▶ Task directions
Below is some data; print it all back exactly.

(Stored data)
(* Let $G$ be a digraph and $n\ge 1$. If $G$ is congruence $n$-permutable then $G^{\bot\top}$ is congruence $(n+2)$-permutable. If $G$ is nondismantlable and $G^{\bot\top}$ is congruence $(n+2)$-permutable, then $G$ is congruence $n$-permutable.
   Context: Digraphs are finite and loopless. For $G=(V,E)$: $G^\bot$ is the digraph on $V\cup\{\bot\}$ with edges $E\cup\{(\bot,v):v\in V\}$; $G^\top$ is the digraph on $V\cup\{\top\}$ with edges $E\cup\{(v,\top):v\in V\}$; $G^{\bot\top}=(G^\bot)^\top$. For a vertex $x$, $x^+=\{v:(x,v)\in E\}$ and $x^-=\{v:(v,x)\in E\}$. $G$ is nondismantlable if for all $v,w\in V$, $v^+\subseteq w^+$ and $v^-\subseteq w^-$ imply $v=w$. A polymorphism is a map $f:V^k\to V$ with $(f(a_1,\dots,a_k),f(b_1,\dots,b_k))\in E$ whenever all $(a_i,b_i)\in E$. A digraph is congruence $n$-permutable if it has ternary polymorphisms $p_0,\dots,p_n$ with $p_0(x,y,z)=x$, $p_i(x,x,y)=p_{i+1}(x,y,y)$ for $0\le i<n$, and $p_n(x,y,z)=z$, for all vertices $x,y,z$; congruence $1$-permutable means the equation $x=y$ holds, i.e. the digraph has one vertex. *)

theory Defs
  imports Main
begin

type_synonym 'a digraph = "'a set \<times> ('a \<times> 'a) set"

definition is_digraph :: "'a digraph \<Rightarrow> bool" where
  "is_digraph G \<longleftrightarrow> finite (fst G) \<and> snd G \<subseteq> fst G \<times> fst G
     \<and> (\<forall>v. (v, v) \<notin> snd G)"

▶ Solved exercise
(* Let $G$ be a digraph and $n\ge 1$. If $G$ is congruence $n$-permutable then $G^{\bot\top}$ is congruence $(n+2)$-permutable. If $G$ is nondismantlable and $G^{\bot\top}$ is congruence $(n+2)$-permutable, then $G$ is congruence $n$-permutable.
   Context: Digraphs are finite and loopless. For $G=(V,E)$: $G^\bot$ is the digraph on $V\cup\{\bot\}$ with edges $E\cup\{(\bot,v):v\in V\}$; $G^\top$ is the digraph on $V\cup\{\top\}$ with edges $E\cup\{(v,\top):v\in V\}$; $G^{\bot\top}=(G^\bot)^\top$. For a vertex $x$, $x^+=\{v:(x,v)\in E\}$ and $x^-=\{v:(v,x)\in E\}$. $G$ is nondismantlable if for all $v,w\in V$, $v^+\subseteq w^+$ and $v^-\subseteq w^-$ imply $v=w$. A polymorphism is a map $f:V^k\to V$ with $(f(a_1,\dots,a_k),f(b_1,\dots,b_k))\in E$ whenever all $(a_i,b_i)\in E$. A digraph is congruence $n$-permutable if it has ternary polymorphisms $p_0,\dots,p_n$ with $p_0(x,y,z)=x$, $p_i(x,x,y)=p_{i+1}(x,y,y)$ for $0\le i<n$, and $p_n(x,y,z)=z$, for all vertices $x,y,z$; congruence $1$-permutable means the equation $x=y$ holds, i.e. the digraph has one vertex. *)

theory Defs
  imports Main
begin

type_synonym 'a digraph = "'a set \<times> ('a \<times> 'a) set"

definition is_digraph :: "'a digraph \<Rightarrow> bool" where
  "is_digraph G \<longleftrightarrow> finite (fst G) \<and> snd G \<subseteq> fst G \<times> fst G
     \<and> (\<forall>v. (v, v) \<notin> snd G)"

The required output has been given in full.